[Robert Browning by C. H. Herford]@TWC D-Link book
Robert Browning

CHAPTER X
10/48

And here, too, the mystic and the positive strains of Browning's genius wrought together, impressing themselves equally in that wonderful Browningesque universe in which every germ seems to be itself a universe "needing but a look to burst into immense life," and infinity is ever at hand, behind a closed door.

The whole of his theology was an attempt to express consistently two convictions, rarely found of the same intensity in the same brain, of the divineness of the universe and the individuality of man.
The mechanical Creator of Paley and the deists could never have satisfied him.
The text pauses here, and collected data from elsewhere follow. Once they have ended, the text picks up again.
(* Let $F:\mathcal{G}_{\Sigma,\Delta,\pi}\to\mathcal{G}_{\Sigma,\Delta,\pi}$ be a causal graph dynamics that is monotonic for the subgraph order and admits a monotonic local rule, and let $\widetilde{F}:\mathbf{G}_{\Sigma,\Delta,\pi}\to\mathbf{G}_{\Sigma,\Delta,\pi}$ be a functor with $\mathrm{U}\circ F=\widetilde{F}\circ\mathrm{U}$. Then the map $\overline{F}:\mathrm{Sym}_{\mathcal{V}}\to\mathrm{Sym}_{\mathcal{V}}$, $\overline{F}(R):=|\widetilde{F}(\varnothing_R)|$, is a group homomorphism.
   Context: Fix an uncountably infinite set $\mathcal{V}$, sets $\Sigma,\Delta$, finite $\pi$; $\mathrm{Sym}_{\mathcal{V}}$ is the group of bijections (renamings) of $\mathcal{V}$. Graphs: countable $V(G)\subset\mathcal{V}$, a set $E(G)$ of pairwise disjoint two-element subsets of $V(G)\times\pi$, partial labelings $\sigma(G),\delta(G)$; $\mathcal{G}_{\Sigma,\Delta,\pi}$ the set of graphs, ordered by componentwise inclusion $\subseteq$. Renamings act naturally on graphs ($V(R(G))=R(V(G))$, edges $\{u\!:\!i,v\!:\!j\}\mapsto\{R(u)\!:\!i,R(v)\!:\!j\}$, labelings precomposed with $R^{-1}$). Disks $G^r_c$: vertices at distance $\le r+1$ from $c$, edges with an endpoint at distance $\le r$, vertex labels only at distance $\le r$. A local rule of radius $r$ maps radius-$r$ disks to graphs with renaming covariance, disjointness preservation, bounded output size and pairwise consistency of outputs on a common graph; a CGD is $F(G)=\bigcup_{v\in V(G)} f(G^r_v)$; monotonic means w.r.t. $\subseteq$ (disks compared with same center). Category $\mathbf{G}_{\Sigma,\Delta,\pi}$: objects graphs, morphisms $m:G\to H$ given by renamings $|m|$ with $|m|(G)\subseteq H$, composition by composition of renamings. $\mathrm{U}$ is the identity on objects and sends an inclusion $G\subseteq H$ to the morphism with identity renaming. $\varnothing_R:\varnothing\to\varnothing$ is the endomorphism of the empty graph with renaming $R$. *)

theory Defs
  imports Main "HOL-Library.Countable_Set" "HOL-Algebra.Bij"
begin

text \<open>Vertex names of type 'v (the set V is the universe of 'v, assumed uncountable in the
theorem), ports of the finite type 'p (the finite set pi), vertex labels 's (Sigma),
edge labels 'd (Delta).\<close>

record ('v, 'p, 's, 'd) graph =
  verts :: "'v set"
  edges :: "('v \<times> 'p) set set"
  vlab  :: "'v \<rightharpoonup> 's"
  elab  :: "('v \<times> 'p) set \<rightharpoonup> 'd"

definition wf_graph :: "('v, 'p, 's, 'd) graph \<Rightarrow> bool" where
  "wf_graph G \<longleftrightarrow>
     countable (verts G) \<and>
     (\<forall>e\<in>edges G. e \<subseteq> verts G \<times> UNIV \<and> card e = 2) \<and>
     (\<forall>e\<in>edges G. \<forall>e'\<in>edges G. e \<noteq> e' \<longrightarrow> e \<inter> e' = {}) \<and>
     dom (vlab G) \<subseteq> verts G \<and> dom (elab G) \<subseteq> edges G"

definition subgraph :: "('v, 'p, 's, 'd) graph \<Rightarrow> ('v, 'p, 's, 'd) graph \<Rightarrow> bool" where
  "subgraph G H \<longleftrightarrow> verts G \<subseteq> verts H \<and> edges G \<subseteq> edges H \<and>
     vlab G \<subseteq>\<^sub>m vlab H \<and> elab G \<subseteq>\<^sub>m elab H"

definition gempty :: "('v, 'p, 's, 'd) graph" where
  "gempty = \<lparr>verts = {}, edges = {}, vlab = Map.empty, elab = Map.empty\<rparr>"

definition rename_port :: "('v \<Rightarrow> 'v) \<Rightarrow> ('v \<times> 'p) \<Rightarrow> ('v \<times> 'p)" where
  "rename_port R = (\<lambda>(u, i). (R u, i))"

definition rename :: "('v \<Rightarrow> 'v) \<Rightarrow> ('v, 'p, 's, 'd) graph \<Rightarrow> ('v, 'p, 's, 'd) graph" where
  "rename R G = \<lparr>verts = R ` verts G,
                 edges = (\<lambda>e. rename_port R ` e) ` edges G,
                 vlab = vlab G \<circ> inv_into UNIV R,
                 elab = (\<lambda>e. elab G (rename_port (inv_into UNIV R) ` e))\<rparr>"

text \<open>Union of a family of graphs (meaningful for pairwise consistent families).\<close>
definition gunion :: "('v, 'p, 's, 'd) graph set \<Rightarrow> ('v, 'p, 's, 'd) graph" where
  "gunion S = \<lparr>verts = (\<Union>D\<in>S. verts D),
               edges = (\<Union>D\<in>S. edges D),
               vlab = (\<lambda>x. if \<exists>D\<in>S. x \<in> dom (vlab D)
                           then vlab (SOME D. D \<in> S \<and> x \<in> dom (vlab D)) x else None),
               elab = (\<lambda>x. if \<exists>D\<in>S. x \<in> dom (elab D)
                           then elab (SOME D. D \<in> S \<and> x \<in> dom (elab D)) x else None)\<rparr>"

text \<open>Two graphs are consistent when their union is a graph.\<close>
definition consistent :: "('v, 'p, 's, 'd) graph \<Rightarrow> ('v, 'p, 's, 'd) graph \<Rightarrow> bool" where
  "consistent G H \<longleftrightarrow>
     (\<forall>e\<in>edges G. \<forall>e'\<in>edges H. e \<noteq> e' \<longrightarrow> e \<inter> e' = {}) \<and>
     (\<forall>x\<in>dom (vlab G) \<inter> dom (vlab H). vlab G x = vlab H x) \<and>
     (\<forall>x\<in>dom (elab G) \<inter> dom (elab H). elab G x = elab H x)"

definition adjrel :: "('v, 'p, 's, 'd) graph \<Rightarrow> ('v \<times> 'v) set" where
  "adjrel G = {(u, v). \<exists>i j. {(u, i), (v, j)} \<in> edges G}"

definition dist_le :: "('v, 'p, 's, 'd) graph \<Rightarrow> nat \<Rightarrow> 'v \<Rightarrow> 'v \<Rightarrow> bool" where
  "dist_le G n c v \<longleftrightarrow> c \<in> verts G \<and> (\<exists>k\<le>n. (c, v) \<in> adjrel G ^^ k)"

definition disk :: "('v, 'p, 's, 'd) graph \<Rightarrow> nat \<Rightarrow> 'v \<Rightarrow> ('v, 'p, 's, 'd) graph" where
  "disk G r c =
     (let Es = {e \<in> edges G. \<exists>(u, i)\<in>e. dist_le G r c u} in
      \<lparr>verts = {v. dist_le G (Suc r) c v},
       edges = Es,
       vlab = vlab G |` {v. dist_le G r c v},
       elab = elab G |` Es\<rparr>)"

definition disks :: "nat \<Rightarrow> ('v \<times> ('v, 'p, 's, 'd) graph) set" where
  "disks r = {(c, disk G r c) | G c. wf_graph G \<and> c \<in> verts G}"

definition local_rule ::
  "nat \<Rightarrow> ('v \<times> ('v, 'p, 's, 'd) graph \<Rightarrow> ('v, 'p, 's, 'd) graph) \<Rightarrow> bool" where
  "local_rule r f \<longleftrightarrow>
     (\<forall>D\<in>disks r. wf_graph (f D)) \<and>
     \<comment> \<open>renaming covariance\<close>
     (\<forall>R c D. bij R \<longrightarrow> (c, D) \<in> disks r \<longrightarrow> f (R c, rename R D) = rename R (f (c, D))) \<and>
     \<comment> \<open>disjointness preservation\<close>
     (\<forall>c D c' D'. (c, D) \<in> disks r \<longrightarrow> (c', D') \<in> disks r \<longrightarrow> verts D \<inter> verts D' = {} \<longrightarrow>
         verts (f (c, D)) \<inter> verts (f (c', D')) = {}) \<and>
     \<comment> \<open>bounded output size\<close>
     (\<exists>b::nat. \<forall>D\<in>disks r. finite (verts (f D)) \<and> card (verts (f D)) \<le> b) \<and>
     \<comment> \<open>pairwise consistency on a common graph\<close>
     (\<forall>G u v. wf_graph G \<longrightarrow> u \<in> verts G \<longrightarrow> v \<in> verts G \<longrightarrow>
         consistent (f (u, disk G r u)) (f (v, disk G r v)))"

definition monotonic_local_rule ::
  "nat \<Rightarrow> ('v \<times> ('v, 'p, 's, 'd) graph \<Rightarrow> ('v, 'p, 's, 'd) graph) \<Rightarrow> bool" where
  "monotonic_local_rule r f \<longleftrightarrow>
     (\<forall>c D D'. (c, D) \<in> disks r \<longrightarrow> (c, D') \<in> disks r \<longrightarrow> subgraph D D' \<longrightarrow>
         subgraph (f (c, D)) (f (c, D')))"

definition induced_by ::
  "(('v, 'p, 's, 'd) graph \<Rightarrow> ('v, 'p, 's, 'd) graph) \<Rightarrow> nat \<Rightarrow>
   ('v \<times> ('v, 'p, 's, 'd) graph \<Rightarrow> ('v, 'p, 's, 'd) graph) \<Rightarrow> bool" where
  "induced_by F r f \<longleftrightarrow>
     (\<forall>G. wf_graph G \<longrightarrow> F G = gunion ((\<lambda>v. f (v, disk G r v)) ` verts G))"

definition CGD :: "(('v, 'p, 's, 'd) graph \<Rightarrow> ('v, 'p, 's, 'd) graph) \<Rightarrow> bool" where
  "CGD F \<longleftrightarrow> (\<forall>G. wf_graph G \<longrightarrow> wf_graph (F G)) \<and>
     (\<exists>r f. local_rule r f \<and> induced_by F r f)"

definition monotonic_graph_map :: "(('v, 'p, 's, 'd) graph \<Rightarrow> ('v, 'p, 's, 'd) graph) \<Rightarrow> bool" where
  "monotonic_graph_map F \<longleftrightarrow>
     (\<forall>G H. wf_graph G \<longrightarrow> wf_graph H \<longrightarrow> subgraph G H \<longrightarrow> subgraph (F G) (F H))"

definition admits_monotonic_local_rule ::
  "(('v, 'p, 's, 'd) graph \<Rightarrow> ('v, 'p, 's, 'd) graph) \<Rightarrow> bool" where
  "admits_monotonic_local_rule F \<longleftrightarrow>
     (\<exists>r f. local_rule r f \<and> monotonic_local_rule r f \<and> induced_by F r f)"

type_synonym ('v, 'p, 's, 'd) gmorph =
  "('v, 'p, 's, 'd) graph \<times> ('v \<Rightarrow> 'v) \<times> ('v, 'p, 's, 'd) graph"

definition msrc :: "('v, 'p, 's, 'd) gmorph \<Rightarrow> ('v, 'p, 's, 'd) graph" where
  "msrc m = fst m"
definition mren :: "('v, 'p, 's, 'd) gmorph \<Rightarrow> ('v \<Rightarrow> 'v)" where
  "mren m = fst (snd m)"
definition mtgt :: "('v, 'p, 's, 'd) gmorph \<Rightarrow> ('v, 'p, 's, 'd) graph" where
  "mtgt m = snd (snd m)"

definition is_morph :: "('v, 'p, 's, 'd) gmorph \<Rightarrow> bool" where
  "is_morph m \<longleftrightarrow> wf_graph (msrc m) \<and> wf_graph (mtgt m) \<and> bij (mren m) \<and>
     subgraph (rename (mren m) (msrc m)) (mtgt m)"

definition mid :: "('v, 'p, 's, 'd) graph \<Rightarrow> ('v, 'p, 's, 'd) gmorph" where
  "mid G = (G, id, G)"

text \<open>mcomp m' m is m' after m (requires mtgt m = msrc m').\<close>
definition mcomp :: "('v, 'p, 's, 'd) gmorph \<Rightarrow> ('v, 'p, 's, 'd) gmorph \<Rightarrow> ('v, 'p, 's, 'd) gmorph" where
  "mcomp m' m = (msrc m, mren m' \<circ> mren m, mtgt m')"

definition is_functor ::
  "(('v, 'p, 's, 'd) graph \<Rightarrow> ('v, 'p, 's, 'd) graph) \<Rightarrow>
   (('v, 'p, 's, 'd) gmorph \<Rightarrow> ('v, 'p, 's, 'd) gmorph) \<Rightarrow> bool" where
  "is_functor Fo Fm \<longleftrightarrow>
     (\<forall>G. wf_graph G \<longrightarrow> wf_graph (Fo G)) \<and>
     (\<forall>m. is_morph m \<longrightarrow> is_morph (Fm m) \<and> msrc (Fm m) = Fo (msrc m) \<and> mtgt (Fm m) = Fo (mtgt m)) \<and>
     (\<forall>G. wf_graph G \<longrightarrow> Fm (mid G) = mid (Fo G)) \<and>
     (\<forall>m m'. is_morph m \<longrightarrow> is_morph m' \<longrightarrow> mtgt m = msrc m' \<longrightarrow>
         Fm (mcomp m' m) = mcomp (Fm m') (Fm m))"

text \<open>U o F = F~ o U, where U is the identity on objects and sends an inclusion G \<subseteq> H to
the morphism (G, id, H).\<close>
definition U_commutes ::
  "(('v, 'p, 's, 'd) graph \<Rightarrow> ('v, 'p, 's, 'd) graph) \<Rightarrow>
   (('v, 'p, 's, 'd) graph \<Rightarrow> ('v, 'p, 's, 'd) graph) \<Rightarrow>
   (('v, 'p, 's, 'd) gmorph \<Rightarrow> ('v, 'p, 's, 'd) gmorph) \<Rightarrow> bool" where
  "U_commutes F Fo Fm \<longleftrightarrow>
     (\<forall>G. wf_graph G \<longrightarrow> Fo G = F G) \<and>
     (\<forall>G H. wf_graph G \<longrightarrow> wf_graph H \<longrightarrow> subgraph G H \<longrightarrow> Fm (G, id, H) = (F G, id, F H))"

definition empty_morph :: "('v \<Rightarrow> 'v) \<Rightarrow> ('v, 'p, 's, 'd) gmorph" where
  "empty_morph R = (gempty, R, gempty)"

end

theory Submission
  imports Defs
begin

text \<open>The endomorphisms of the empty graph compose exactly as their renamings do, so any
functor on the category of graphs restricts to a homomorphism on them.\<close>

lemma rename_gempty [simp]: "rename R gempty = gempty"
  by (simp add: rename_def gempty_def fun_eq_iff)

lemma wf_graph_gempty: "wf_graph gempty"
  by (simp add: wf_graph_def gempty_def)

lemma is_morph_empty_morph: "bij R \<Longrightarrow> is_morph (empty_morph R)"
  by (simp add: is_morph_def empty_morph_def msrc_def mtgt_def mren_def wf_graph_gempty
      subgraph_def)

lemma mcomp_empty_morph: "mcomp (empty_morph R) (empty_morph S) = empty_morph (R \<circ> S)"
  by (simp add: mcomp_def empty_morph_def msrc_def mtgt_def mren_def)

lemma is_functor_is_morph: "is_functor Fo Fm \<Longrightarrow> is_morph m \<Longrightarrow> is_morph (Fm m)"
  unfolding is_functor_def by blast

lemma is_functor_mcomp:
  "is_functor Fo Fm \<Longrightarrow> is_morph m \<Longrightarrow> is_morph m' \<Longrightarrow> mtgt m = msrc m' \<Longrightarrow>
    Fm (mcomp m' m) = mcomp (Fm m') (Fm m)"
  unfolding is_functor_def by blast

lemma functor_bij_mren_empty_morph:
  assumes "is_functor Fo Fm" and "bij R"
  shows "bij (mren (Fm (empty_morph R)))"
  using is_functor_is_morph[OF assms(1) is_morph_empty_morph[OF assms(2)]]
  by (simp add: is_morph_def)

lemma functor_mren_empty_morph_comp:
  assumes "is_functor Fo Fm" and "bij R" and "bij S"
  shows "mren (Fm (empty_morph (R \<circ> S))) = mren (Fm (empty_morph R)) \<circ> mren (Fm (empty_morph S))"
proof -
  have "Fm (empty_morph (R \<circ> S)) = mcomp (Fm (empty_morph R)) (Fm (empty_morph S))"
    unfolding mcomp_empty_morph[symmetric] using assms
    by (intro is_functor_mcomp is_morph_empty_morph) (simp_all add: empty_morph_def msrc_def mtgt_def)
  then show ?thesis
    by (simp add: mcomp_def mren_def)
qed

lemma hom_BijGroup_UNIV_intro:
  assumes "\<And>R. bij R \<Longrightarrow> bij (h R)"
    and "\<And>R S. bij R \<Longrightarrow> bij S \<Longrightarrow> h (R \<circ> S) = h R \<circ> h S"
  shows "h \<in> hom (BijGroup UNIV) (BijGroup UNIV)"
  using assms unfolding hom_def BijGroup_def Bij_def compose_def
  by (auto simp: bij_betw_def restrict_def comp_def)

theorem proposition4p10:
  fixes F :: "('v, 'p::finite, 's, 'd) graph \<Rightarrow> ('v, 'p, 's, 'd) graph"
    and Fo :: "('v, 'p, 's, 'd) graph \<Rightarrow> ('v, 'p, 's, 'd) graph"
    and Fm :: "('v, 'p, 's, 'd) gmorph \<Rightarrow> ('v, 'p, 's, 'd) gmorph"
  assumes "uncountable (UNIV :: 'v set)"
    and "CGD F"
    and "monotonic_graph_map F"
    and "admits_monotonic_local_rule F"
    and "is_functor Fo Fm"
    and "U_commutes F Fo Fm"
  shows "(\<lambda>R. mren (Fm (empty_morph R))) \<in> hom (BijGroup (UNIV :: 'v set)) (BijGroup (UNIV :: 'v set))"
  using functor_bij_mren_empty_morph[OF \<open>is_functor Fo Fm\<close>]
    functor_mren_empty_morph_comp[OF \<open>is_functor Fo Fm\<close>]
  by (rule hom_BijGroup_UNIV_intro)

end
From the first he "saw God everywhere." There was in him the stuff of which the "God-intoxicated" men are made, and he had moments, like that expressed in one of his most deliberate and emphatic personal utterances, in which all existence seemed to be the visible Face of God-- "Become my universe that feels and knows."[130] [Footnote 130: _Epilogue_.] He clearly strained towards the sublime pantheistic imaginings of the great poets of the previous generation,--Wordsworth's "Something far more deeply interfused," Shelley's "One spirit's plastic stress," and Goethe's _Erdgeist_, who weaves the eternal vesture of God at the loom of Time.

The dying vision of Paracelsus is as sublime as these, and marks Browning's nearest point of approach to the ways of thought they embody.

In all the vitalities of the world, from the uncouth play of the volcano to the heaven-and-earth transfiguring mind of man, God was present, sharing their joy.